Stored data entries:
★ ★ ★ ★ ★ ★ ★

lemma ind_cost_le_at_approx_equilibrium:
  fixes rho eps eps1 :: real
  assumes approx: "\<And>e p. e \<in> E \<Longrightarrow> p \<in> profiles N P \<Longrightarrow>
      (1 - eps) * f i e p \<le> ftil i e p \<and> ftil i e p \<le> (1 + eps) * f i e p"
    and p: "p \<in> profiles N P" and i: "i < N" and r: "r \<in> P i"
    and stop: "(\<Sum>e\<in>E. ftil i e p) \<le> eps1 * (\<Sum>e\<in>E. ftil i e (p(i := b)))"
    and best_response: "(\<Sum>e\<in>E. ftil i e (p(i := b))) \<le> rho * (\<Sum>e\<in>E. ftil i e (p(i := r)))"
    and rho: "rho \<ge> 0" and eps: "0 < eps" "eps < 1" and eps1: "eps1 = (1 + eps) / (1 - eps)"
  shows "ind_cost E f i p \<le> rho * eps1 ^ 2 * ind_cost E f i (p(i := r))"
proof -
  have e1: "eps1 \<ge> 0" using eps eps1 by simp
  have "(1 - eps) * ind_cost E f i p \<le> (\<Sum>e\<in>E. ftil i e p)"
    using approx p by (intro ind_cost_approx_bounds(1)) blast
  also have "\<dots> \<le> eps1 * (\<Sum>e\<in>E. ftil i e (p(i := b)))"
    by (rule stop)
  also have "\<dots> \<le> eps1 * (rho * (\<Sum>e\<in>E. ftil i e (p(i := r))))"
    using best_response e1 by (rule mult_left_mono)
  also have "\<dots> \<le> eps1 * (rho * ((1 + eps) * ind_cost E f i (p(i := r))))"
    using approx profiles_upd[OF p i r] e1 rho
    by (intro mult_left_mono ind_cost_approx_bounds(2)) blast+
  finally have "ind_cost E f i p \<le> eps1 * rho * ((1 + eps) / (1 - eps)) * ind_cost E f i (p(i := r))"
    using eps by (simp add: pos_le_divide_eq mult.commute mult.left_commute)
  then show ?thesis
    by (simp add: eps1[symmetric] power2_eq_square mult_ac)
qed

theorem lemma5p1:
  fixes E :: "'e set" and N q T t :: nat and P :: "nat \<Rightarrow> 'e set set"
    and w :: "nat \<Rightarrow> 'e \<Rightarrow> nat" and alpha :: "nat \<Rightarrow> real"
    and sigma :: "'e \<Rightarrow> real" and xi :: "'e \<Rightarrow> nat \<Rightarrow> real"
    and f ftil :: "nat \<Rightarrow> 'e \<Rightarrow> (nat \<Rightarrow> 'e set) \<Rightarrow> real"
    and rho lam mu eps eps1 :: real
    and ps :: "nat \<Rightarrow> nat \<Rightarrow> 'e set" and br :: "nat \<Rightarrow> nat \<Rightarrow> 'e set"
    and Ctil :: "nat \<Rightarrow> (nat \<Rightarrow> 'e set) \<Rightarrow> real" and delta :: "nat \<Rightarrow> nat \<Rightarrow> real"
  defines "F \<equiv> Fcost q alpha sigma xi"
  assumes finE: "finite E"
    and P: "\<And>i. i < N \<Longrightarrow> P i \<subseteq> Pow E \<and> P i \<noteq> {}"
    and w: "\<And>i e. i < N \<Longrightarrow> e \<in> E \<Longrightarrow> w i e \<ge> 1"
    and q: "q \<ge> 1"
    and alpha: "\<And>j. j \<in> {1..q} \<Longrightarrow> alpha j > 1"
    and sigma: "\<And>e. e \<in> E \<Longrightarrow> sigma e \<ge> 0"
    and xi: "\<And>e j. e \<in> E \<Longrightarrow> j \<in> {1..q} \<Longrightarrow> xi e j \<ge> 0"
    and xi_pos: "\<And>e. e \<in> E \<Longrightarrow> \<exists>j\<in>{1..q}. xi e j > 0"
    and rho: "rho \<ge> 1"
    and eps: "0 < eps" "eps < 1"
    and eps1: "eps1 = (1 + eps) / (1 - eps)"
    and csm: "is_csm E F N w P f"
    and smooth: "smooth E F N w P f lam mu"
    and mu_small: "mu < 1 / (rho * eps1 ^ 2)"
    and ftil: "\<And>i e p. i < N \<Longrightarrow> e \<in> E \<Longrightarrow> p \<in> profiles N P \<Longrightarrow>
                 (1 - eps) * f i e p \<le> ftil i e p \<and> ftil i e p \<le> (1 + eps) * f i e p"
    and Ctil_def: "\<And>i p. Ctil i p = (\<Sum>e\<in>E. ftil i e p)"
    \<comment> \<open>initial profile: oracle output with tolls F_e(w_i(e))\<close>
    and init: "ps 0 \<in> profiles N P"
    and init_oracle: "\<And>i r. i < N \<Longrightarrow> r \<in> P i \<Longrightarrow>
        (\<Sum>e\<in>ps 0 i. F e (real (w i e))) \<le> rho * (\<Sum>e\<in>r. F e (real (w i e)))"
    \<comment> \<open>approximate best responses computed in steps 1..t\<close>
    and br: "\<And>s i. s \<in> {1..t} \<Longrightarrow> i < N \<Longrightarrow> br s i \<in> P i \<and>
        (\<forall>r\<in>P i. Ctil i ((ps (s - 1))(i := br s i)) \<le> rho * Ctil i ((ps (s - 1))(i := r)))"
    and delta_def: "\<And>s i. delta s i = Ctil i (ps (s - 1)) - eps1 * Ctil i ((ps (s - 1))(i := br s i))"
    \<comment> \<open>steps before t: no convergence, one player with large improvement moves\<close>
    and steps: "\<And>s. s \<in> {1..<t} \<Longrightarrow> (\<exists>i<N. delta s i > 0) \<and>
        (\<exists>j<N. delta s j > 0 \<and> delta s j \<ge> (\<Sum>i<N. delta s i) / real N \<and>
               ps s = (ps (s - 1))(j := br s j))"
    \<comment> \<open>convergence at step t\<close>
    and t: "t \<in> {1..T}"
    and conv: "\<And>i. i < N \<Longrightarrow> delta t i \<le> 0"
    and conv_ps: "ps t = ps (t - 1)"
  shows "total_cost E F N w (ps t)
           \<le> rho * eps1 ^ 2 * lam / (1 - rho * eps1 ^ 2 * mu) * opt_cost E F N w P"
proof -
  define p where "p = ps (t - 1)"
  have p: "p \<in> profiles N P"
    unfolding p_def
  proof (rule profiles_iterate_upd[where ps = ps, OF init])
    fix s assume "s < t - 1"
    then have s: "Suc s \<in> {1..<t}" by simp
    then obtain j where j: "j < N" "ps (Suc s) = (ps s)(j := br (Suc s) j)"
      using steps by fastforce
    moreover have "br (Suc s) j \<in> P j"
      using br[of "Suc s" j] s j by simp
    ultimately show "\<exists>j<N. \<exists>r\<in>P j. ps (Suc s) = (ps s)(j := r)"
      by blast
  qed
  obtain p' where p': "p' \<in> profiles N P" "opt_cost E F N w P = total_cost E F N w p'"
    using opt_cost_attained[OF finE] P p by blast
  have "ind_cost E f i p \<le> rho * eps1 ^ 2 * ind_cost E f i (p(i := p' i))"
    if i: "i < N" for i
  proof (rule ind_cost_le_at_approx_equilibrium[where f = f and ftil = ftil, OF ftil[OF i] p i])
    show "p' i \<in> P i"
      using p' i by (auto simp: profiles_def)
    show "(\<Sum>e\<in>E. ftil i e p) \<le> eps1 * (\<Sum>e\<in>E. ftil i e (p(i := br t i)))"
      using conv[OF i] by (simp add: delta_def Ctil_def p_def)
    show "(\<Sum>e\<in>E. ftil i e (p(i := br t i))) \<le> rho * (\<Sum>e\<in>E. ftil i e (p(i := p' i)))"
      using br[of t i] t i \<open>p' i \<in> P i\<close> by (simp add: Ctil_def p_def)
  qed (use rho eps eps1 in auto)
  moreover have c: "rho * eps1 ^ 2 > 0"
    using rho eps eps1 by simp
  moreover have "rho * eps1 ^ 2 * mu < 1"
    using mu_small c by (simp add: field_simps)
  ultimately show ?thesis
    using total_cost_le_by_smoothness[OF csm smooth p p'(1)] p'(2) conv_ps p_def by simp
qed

★ ★ ★ ★ ★ ★ ★

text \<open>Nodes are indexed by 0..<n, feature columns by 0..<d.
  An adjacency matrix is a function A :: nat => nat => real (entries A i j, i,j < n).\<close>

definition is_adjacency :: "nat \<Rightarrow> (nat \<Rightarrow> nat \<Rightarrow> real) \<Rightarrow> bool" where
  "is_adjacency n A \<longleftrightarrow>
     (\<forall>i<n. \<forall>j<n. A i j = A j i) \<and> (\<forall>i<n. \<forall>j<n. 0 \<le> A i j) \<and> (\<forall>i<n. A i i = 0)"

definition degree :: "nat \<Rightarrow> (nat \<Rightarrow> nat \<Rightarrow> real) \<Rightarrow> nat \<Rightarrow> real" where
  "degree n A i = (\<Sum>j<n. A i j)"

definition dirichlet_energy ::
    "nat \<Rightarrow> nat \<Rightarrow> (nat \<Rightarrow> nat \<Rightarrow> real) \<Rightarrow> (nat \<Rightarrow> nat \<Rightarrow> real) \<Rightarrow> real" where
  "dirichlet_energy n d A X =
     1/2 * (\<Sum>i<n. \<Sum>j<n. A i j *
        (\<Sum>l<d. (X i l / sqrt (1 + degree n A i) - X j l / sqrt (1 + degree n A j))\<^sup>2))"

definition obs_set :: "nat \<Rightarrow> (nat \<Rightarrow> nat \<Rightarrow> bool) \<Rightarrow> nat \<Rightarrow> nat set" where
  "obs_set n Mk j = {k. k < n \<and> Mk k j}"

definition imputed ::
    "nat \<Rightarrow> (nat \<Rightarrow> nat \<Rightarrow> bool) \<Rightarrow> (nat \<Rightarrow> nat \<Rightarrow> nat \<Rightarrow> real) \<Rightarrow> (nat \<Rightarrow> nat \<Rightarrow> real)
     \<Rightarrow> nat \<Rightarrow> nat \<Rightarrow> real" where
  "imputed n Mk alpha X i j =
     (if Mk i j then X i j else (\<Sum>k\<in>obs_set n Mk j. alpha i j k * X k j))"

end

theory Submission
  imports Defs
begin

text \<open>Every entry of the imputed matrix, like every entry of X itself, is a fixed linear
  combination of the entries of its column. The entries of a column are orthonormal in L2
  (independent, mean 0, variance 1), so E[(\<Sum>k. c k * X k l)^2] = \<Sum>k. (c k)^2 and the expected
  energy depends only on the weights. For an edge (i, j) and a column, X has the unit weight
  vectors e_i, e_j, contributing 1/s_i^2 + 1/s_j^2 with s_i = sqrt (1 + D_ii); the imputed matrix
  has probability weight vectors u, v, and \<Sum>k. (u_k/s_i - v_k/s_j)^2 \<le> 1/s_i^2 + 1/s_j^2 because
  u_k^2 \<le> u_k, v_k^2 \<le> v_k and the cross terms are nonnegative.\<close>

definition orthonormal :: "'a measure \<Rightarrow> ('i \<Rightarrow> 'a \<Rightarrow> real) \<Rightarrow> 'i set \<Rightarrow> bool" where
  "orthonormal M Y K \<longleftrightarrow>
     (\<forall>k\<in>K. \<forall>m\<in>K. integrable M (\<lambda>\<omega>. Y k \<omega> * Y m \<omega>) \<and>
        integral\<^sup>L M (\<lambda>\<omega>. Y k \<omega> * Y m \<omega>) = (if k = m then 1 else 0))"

★ ★ ★ ★ ★ ★ ★

ASSIGNMENT:
Where a line of the records contains the word "else", count it; state only the final tally.

EXERCISE SOLUTION:
2